Insofar as the plaintiff alleges State law claims based on the DOC’s failure to follow its procedural rule, and based additionally on his alleged "coerced” resignation, these claims were required to be brought in a proceeding pursuant to CPLR article 78 and are presently time barred. The plaintiff’s attempt to characterize this case as a "declaratory class action” seeking review of "a continuing policy of DOC”, and, therefore, subject to a six-year Statute of Limitations, is patently without merit. The complaint contains no allegations of this nature. Specifically, there is no mention in the complaint that the DOC’s actions constituted a “continuing policy”, nor is there mention of any other instance involving other individuals in which a policy of this type was followed. Indeed, the very first time any such allegation appears is in the plaintiff’s attorney’s reply affirmation to the defendants’ cross motion. The plaintiff’s present argument that this case is, in actuality, a declaratory judgment class action, rather than an individual claim, appears to be little more than a transparent effort to circumvent the four-month Statute of Limitations (see, Solnick v Whalen, 49 NY2d 224, 229-231). The appropriate vehicle for the plaintiff’s challenge to the termination of his employment was a proceeding pursuant to CPLR article 78 (see, Austin v Board of Higher Educ., 5 NY2d 430, 440). The plaintiff resigned on May 8, 1991, but did not institute this action until April 24, 1992, almost one year later. Thus, these claims are clearly time barred (CPLR 217).

Accordingly, the order of the Supreme Court is reversed insofar as appealed from, on the law, with costs, the cross motion is granted, it is declared that the defendants did not violate the plaintiff’s right to answer and defend administrative disciplinary charges against him, and the complaint is otherwise dismissed.

Lawrence, J. P., Santucci and Altman, JJ., concur.

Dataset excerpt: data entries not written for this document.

lemma sat_s_Fin_punctured_team:
  assumes "0 < e" and "gap \<le> L"
  shows "sat_s (marker_trace q (block_fires (zimin_block e (Suc L)) W) ` punctured_index L gap) (Fin (Prop q))"
proof -
  have "gap \<in> set (zimin_block e (Suc L))"
    using mem_set_zimin[OF assms(1), of gap "Suc L" id] assms(2) by (simp add: zimin_block_def)
  then obtain k where k: "k < length (zimin_block e (Suc L))" "zimin_block e (Suc L) ! k = gap"
    by (auto simp: in_set_conv_nth)
  have "q \<in> marker_trace q (block_fires (zimin_block e (Suc L)) W) i k" if "i \<in> punctured_index L gap" for i
    using k that by (auto simp: marker_trace_def block_fires_prefix punctured_index_def)
  then show ?thesis
    by (auto simp: tshift_def suffix_apply intro!: exI[of _ k])
qed

lemma not_sat_s_Fin_full_team:
  "\<not> sat_s (marker_trace q (block_fires (zimin_block e L) (zimin_block e L)) ` full_index L) (Fin (Prop q))"
proof
  define W where "W = zimin_block e L"
  assume "sat_s (marker_trace q (block_fires (zimin_block e L) (zimin_block e L)) ` full_index L) (Fin (Prop q))"
  then obtain k where k: "\<forall>i\<in>full_index L. q \<in> marker_trace q (block_fires W W) i k"
    by (auto simp: tshift_def suffix_apply W_def)
  have "W \<noteq> []"
    by (simp add: W_def zimin_block_def)
  then have "block_fires W W (W ! (k mod length W), k div length W) k"
    by (rule block_fires_self)
  moreover have "W ! (k mod length W) \<in> set W"
    using \<open>W \<noteq> []\<close> by simp
  with set_zimin_block[of e L] have "(W ! (k mod length W), k div length W) \<in> full_index L"
    by (auto simp: W_def full_index_def)
  ultimately show False
    using k by (auto simp: marker_trace_def)
qed
(* Fix $\alpha>0$, $y_0\in\mathrm{dom}\, h$. Let TAA be: $\lambda=2\alpha/(\alpha+\sqrt{\alpha^2+4L\alpha})$, $s_0=\nabla f(y_0)$, $\tilde x_0=y_0$, $x_0=\mathrm{argmin}_x\{\langle s_0,x\rangle+h^\alpha(x)\}$, and for $k\ge0$: $\tilde x_{k+1}=(1-\lambda)y_k+\lambda x_k$, $s_{k+1}=(1-\lambda)s_k+\lambda\nabla f(\tilde x_{k+1})$, $x_{k+1}=\mathrm{argmin}_x\{\langle s_{k+1},x\rangle+h^\alpha(x)\}$, $y_{k+1}=(1-\lambda)y_k+\lambda x_{k+1}$. Let GEM with $\nu^*=Lf^*$ be: $g_0=z_0=\nabla f(y_0)$, $v_{-1}=v_0=\nabla(h^\alpha)^*(-g_0)$, $\tau_0=\alpha/L$, $A_0=1$, $a_{-1}=0$, and for $k\ge0$: $a_k=\frac{\tau_k+\sqrt{\tau_k^2+4\tau_kA_k}}{2}$, $\tau_{k+1}=\tau_k+\alpha a_k/L$, $A_{k+1}=A_k+a_k$, $\hat v_k=v_k+\frac{a_{k-1}}{a_k}(v_k-v_{k-1})$, $g_{k+1}=\mathrm{argmin}_g\{a_k[\langle-\hat v_k,g\rangle+f^*(g)]+\frac{\tau_k}{\alpha}\operatorname{D}_{\nu^*}(g\|g_k)\}$, $z_{k+1}=\frac{A_k}{A_{k+1}}z_k+\frac{a_k}{A_{k+1}}g_{k+1}$, $v_{k+1}=\nabla(h^\alpha)^*(-z_{k+1})$, where $\operatorname{D}_{\nu^*}(g\|g_k)=L[f^*(g)-f^*(g_k)-\langle\tilde x_k,g-g_k\rangle]$ (using the subgradient $\tilde x_k\in\partial f^*(g_k)$). Then the two methods are equivalent with, for all $k\ge0$, $\nabla f(\tilde x_k)=g_k$, $s_k=z_k$, and $x_k=v_k$.
   Context: Let $\|\cdot\|$ be a norm on $\mathbb{R}^n$ with dual norm $\|\cdot\|_*$. Let $f:\mathbb{R}^n\to\mathbb{R}$ be convex, differentiable and $L$-smooth ($L>0$) with respect to $\|\cdot\|$, $h:\mathbb{R}^n\to(-\infty,\infty]$ closed proper convex with bounded domain, and $w:\mathbb{R}^n\to[0,+\infty]$ closed, $1$-strongly convex with respect to $\|\cdot\|$ on $\mathrm{dom}\, h$, with $\max_{\mathrm{dom}\, h}w<\infty$. Let $h^\alpha=h+\alpha w$; $^*$ denotes convex conjugate ($(h^\alpha)^*$ is differentiable). *)

theory Defs
  imports "HOL-Analysis.Analysis"
begin

definition is_norm :: "('a::real_normed_vector \<Rightarrow> real) \<Rightarrow> bool" where
  "is_norm N \<longleftrightarrow> (\<forall>x. 0 \<le> N x) \<and> (\<forall>x. N x = 0 \<longleftrightarrow> x = 0)
     \<and> (\<forall>c x. N (c *\<^sub>R x) = \<bar>c\<bar> * N x) \<and> (\<forall>x y. N (x + y) \<le> N x + N y)"

definition dual_norm :: "('a::real_inner \<Rightarrow> real) \<Rightarrow> 'a \<Rightarrow> real" where
  "dual_norm N g = Sup {g \<bullet> x | x. N x \<le> 1}"

definition L_smooth :: "('a::real_inner \<Rightarrow> real) \<Rightarrow> real \<Rightarrow> ('a \<Rightarrow> real) \<Rightarrow> bool" where
  "L_smooth N L f \<longleftrightarrow> (\<forall>x y gx gy. GDERIV f x :> gx \<longrightarrow> GDERIV f y :> gy \<longrightarrow>
      dual_norm N (gx - gy) \<le> L * N (x - y))"

definition edom :: "('a \<Rightarrow> ereal) \<Rightarrow> 'a set" where
  "edom h = {x. h x < \<infinity>}"

definition epigraph :: "('a \<Rightarrow> ereal) \<Rightarrow> ('a \<times> real) set" where
  "epigraph h = {(x, t). h x \<le> ereal t}"

definition closed_fun :: "('a::topological_space \<Rightarrow> ereal) \<Rightarrow> bool" where
  "closed_fun h \<longleftrightarrow> closed (epigraph h)"

definition proper_fun :: "('a \<Rightarrow> ereal) \<Rightarrow> bool" where
  "proper_fun h \<longleftrightarrow> (\<forall>x. h x > -\<infinity>) \<and> edom h \<noteq> {}"

definition convex_fun :: "('a::real_vector \<Rightarrow> ereal) \<Rightarrow> bool" where
  "convex_fun h \<longleftrightarrow> convex (epigraph h)"

definition strongly_convex_on ::
  "('a::real_vector \<Rightarrow> real) \<Rightarrow> 'a set \<Rightarrow> ('a \<Rightarrow> ereal) \<Rightarrow> bool" where
  "strongly_convex_on N S w \<longleftrightarrow> (\<forall>x\<in>S. \<forall>y\<in>S. \<forall>t::real. 0 \<le> t \<longrightarrow> t \<le> 1 \<longrightarrow>
      w (t *\<^sub>R x + (1 - t) *\<^sub>R y) \<le>
        ereal t * w x + ereal (1 - t) * w y - ereal (t * (1 - t) / 2 * (N (x - y))\<^sup>2))"

definition conj :: "('a::real_inner \<Rightarrow> ereal) \<Rightarrow> 'a \<Rightarrow> ereal" where
  "conj F g = (SUP x. ereal (g \<bullet> x) - F x)"

definition is_argmin :: "('a \<Rightarrow> ereal) \<Rightarrow> 'a \<Rightarrow> bool" where
  "is_argmin F x \<longleftrightarrow> (\<forall>x'. F x \<le> F x')"

end

theory Submission
  imports Defs
begin

text \<open>
  Both methods are driven by the same two optimality conditions. By Fenchel-Young, a minimizer
  of \<open>\<langle>s, u\<rangle> + h\<^sup>\<alpha>(u)\<close> is a subgradient, hence the gradient, of the differentiable
  conjugate \<open>(h\<^sup>\<alpha>)\<^sup>*\<close> at \<open>-s\<close>; so \<open>x\<^sub>k = \<nabla>(h\<^sup>\<alpha>)\<^sup>*(-s\<^sub>k)\<close>, which is \<open>v\<^sub>k\<close> as soon
  as \<open>s\<^sub>k = z\<^sub>k\<close>. Up to an additive constant, the GEM objective for \<open>g\<^sub>k\<^sub>+\<^sub>1\<close> is a positive
  multiple of \<open>f\<^sup>*(g) - \<langle>p, g\<rangle>\<close>, where \<open>p\<close> is the average of \<open>vh\<^sub>k\<close> and \<open>xt\<^sub>k\<close> with
  weights \<open>a\<^sub>k\<close> and \<open>\<tau>\<^sub>k L/\<alpha>\<close>; hence \<open>g\<^sub>k\<^sub>+\<^sub>1 = \<nabla>f(p)\<close>. The GEM weights satisfy
  \<open>\<tau>\<^sub>k = (\<alpha>/L) A\<^sub>k\<close> and \<open>a\<^sub>k = \<lambda> A\<^sub>k\<^sub>+\<^sub>1\<close>, and under the invariant
  \<open>y\<^sub>k = xt\<^sub>k + \<lambda> (x\<^sub>k - v\<^sub>k\<^sub>-\<^sub>1)\<close> the point \<open>p\<close> is exactly \<open>xt\<^sub>k\<^sub>+\<^sub>1\<close>, which closes the
  induction.
\<close>

lemma subgradient_eq_gradient:
  fixes F :: "'a::real_inner \<Rightarrow> real"
  assumes deriv: "GDERIV F p :> G" and subgrad: "\<And>q. F p + (q - p) \<bullet> u \<le> F q"
  shows "u = G"
proof -
  have "((\<lambda>q. F q - q \<bullet> u) has_derivative (\<lambda>d. d \<bullet> G - d \<bullet> u)) (at p)"
    using deriv unfolding gderiv_def by (auto intro!: derivative_eq_intros)
  moreover have "\<forall>q\<in>UNIV. F p - p \<bullet> u \<le> F q - q \<bullet> u"
    using subgrad by (auto simp: algebra_simps)
  ultimately have "(\<lambda>d. d \<bullet> G - d \<bullet> u) = (\<lambda>d. 0)"
    using differential_zero_maxmin[of p UNIV] by blast
  then have "(G - u) \<bullet> (G - u) = 0"
    by (metis inner_diff_right)
  then show ?thesis by simp
qed

lemma convex_on_gradient_inequality:
  fixes f :: "'a::real_inner \<Rightarrow> real"
  assumes convex: "convex_on UNIV f" and deriv: "GDERIV f x :> G"
  shows "f x + G \<bullet> (y - x) \<le> f y"
proof -
  define \<phi> where "\<phi> t = f (x + t *\<^sub>R (y - x))" for t :: real
  have "convex_on UNIV \<phi>"
  proof (rule convex_onI)
    fix t u v :: real assume "0 < t" "t < 1"
    moreover have "x + ((1 - t) *\<^sub>R u + t *\<^sub>R v) *\<^sub>R (y - x)
        = (1 - t) *\<^sub>R (x + u *\<^sub>R (y - x)) + t *\<^sub>R (x + v *\<^sub>R (y - x))"
      by (simp add: algebra_simps)
    ultimately show "\<phi> ((1 - t) *\<^sub>R u + t *\<^sub>R v) \<le> (1 - t) * \<phi> u + t * \<phi> v"
      unfolding \<phi>_def using convex_onD[OF convex, of t] by auto
  qed auto
  moreover have "(\<phi> has_field_derivative (G \<bullet> (y - x))) (at 0)"
  proof -
    have "((\<lambda>t. x + t *\<^sub>R (y - x)) has_derivative (\<lambda>t. t *\<^sub>R (y - x))) (at 0)"
      by (auto intro!: derivative_eq_intros)
    moreover have "(f has_derivative (\<lambda>d. d \<bullet> G)) (at (x + 0 *\<^sub>R (y - x)))"
      using deriv unfolding gderiv_def by simp
    ultimately have "(\<phi> has_derivative (\<lambda>t. (t *\<^sub>R (y - x)) \<bullet> G)) (at 0)"
      unfolding \<phi>_def by (rule has_derivative_compose[unfolded o_def])
    then show ?thesis
      unfolding has_field_derivative_def by (simp add: inner_commute mult_commute_abs)
  qed
  ultimately have "\<phi> 1 - \<phi> 0 \<ge> G \<bullet> (y - x) * (1 - 0)"
    by (intro convex_on_imp_above_tangent) auto
  then show ?thesis unfolding \<phi>_def by simp
qed

lemma fenchel_young: "ereal (q \<bullet> u) - H u \<le> conj H q"
  unfolding conj_def by (rule SUP_upper) simp

lemma conj_at_gradient:
  fixes f :: "'a::real_inner \<Rightarrow> real"
  assumes "convex_on UNIV f" and "GDERIV f x :> G"
  shows "conj (\<lambda>u. ereal (f u)) G = ereal (G \<bullet> x - f x)"
proof (rule antisym)
  show "conj (\<lambda>u. ereal (f u)) G \<le> ereal (G \<bullet> x - f x)"
    unfolding conj_def
  proof (rule SUP_least)
    fix u
    have "f x + G \<bullet> (u - x) \<le> f u"
      using convex_on_gradient_inequality[OF assms] .
    then show "ereal (G \<bullet> u) - ereal (f u) \<le> ereal (G \<bullet> x - f x)"
      by (simp add: inner_diff_right)
  qed
  show "ereal (G \<bullet> x - f x) \<le> conj (\<lambda>u. ereal (f u)) G"
    using fenchel_young[of G x "\<lambda>u. ereal (f u)"] by simp
qed

lemma fenchel_young_eq_imp_gradient:
  fixes f :: "'a::real_inner \<Rightarrow> real"
  assumes deriv: "GDERIV f x :> G" and eq: "conj (\<lambda>u. ereal (f u)) q \<le> ereal (q \<bullet> x - f x)"
  shows "q = G"
proof (rule subgradient_eq_gradient[OF deriv])
  fix u
  have "ereal (q \<bullet> u) - ereal (f u) \<le> ereal (q \<bullet> x - f x)"
    using fenchel_young eq by (rule order_trans)
  then show "f x + (u - x) \<bullet> q \<le> f u"
    by (simp add: inner_commute inner_diff_right)
qed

Ordered that the order is reversed insofar as appealed from, on the law, with costs, the cross motion is granted, it is declared that the defendants did not violate the plaintiff’s right to answer and defend administrative disciplinary charges against him, and the complaint is otherwise dismissed. 
      
       In Service, the Supreme Court held that while the Secretary of State was under no obligation to provide any procedural protections when terminating foreign service officers, once he adopted regulations setting up procedures, he was bound by those regulations. In Accardi, the Supreme Court vacated a deportation order of the Justice Department on the ground that the agency had violated its own rules in failing to exercise independent discretion during the course of a deportation hearing. In Vitarelli, the Department of the Interior discharged an employee without following the procedures dictated by the Department’s own regulations. The Supreme Court held that the Secretary, having chosen to proceed against the petitioner on security grounds, was bound by the regulations which he himself had promulgated for dealing with cases of this nature.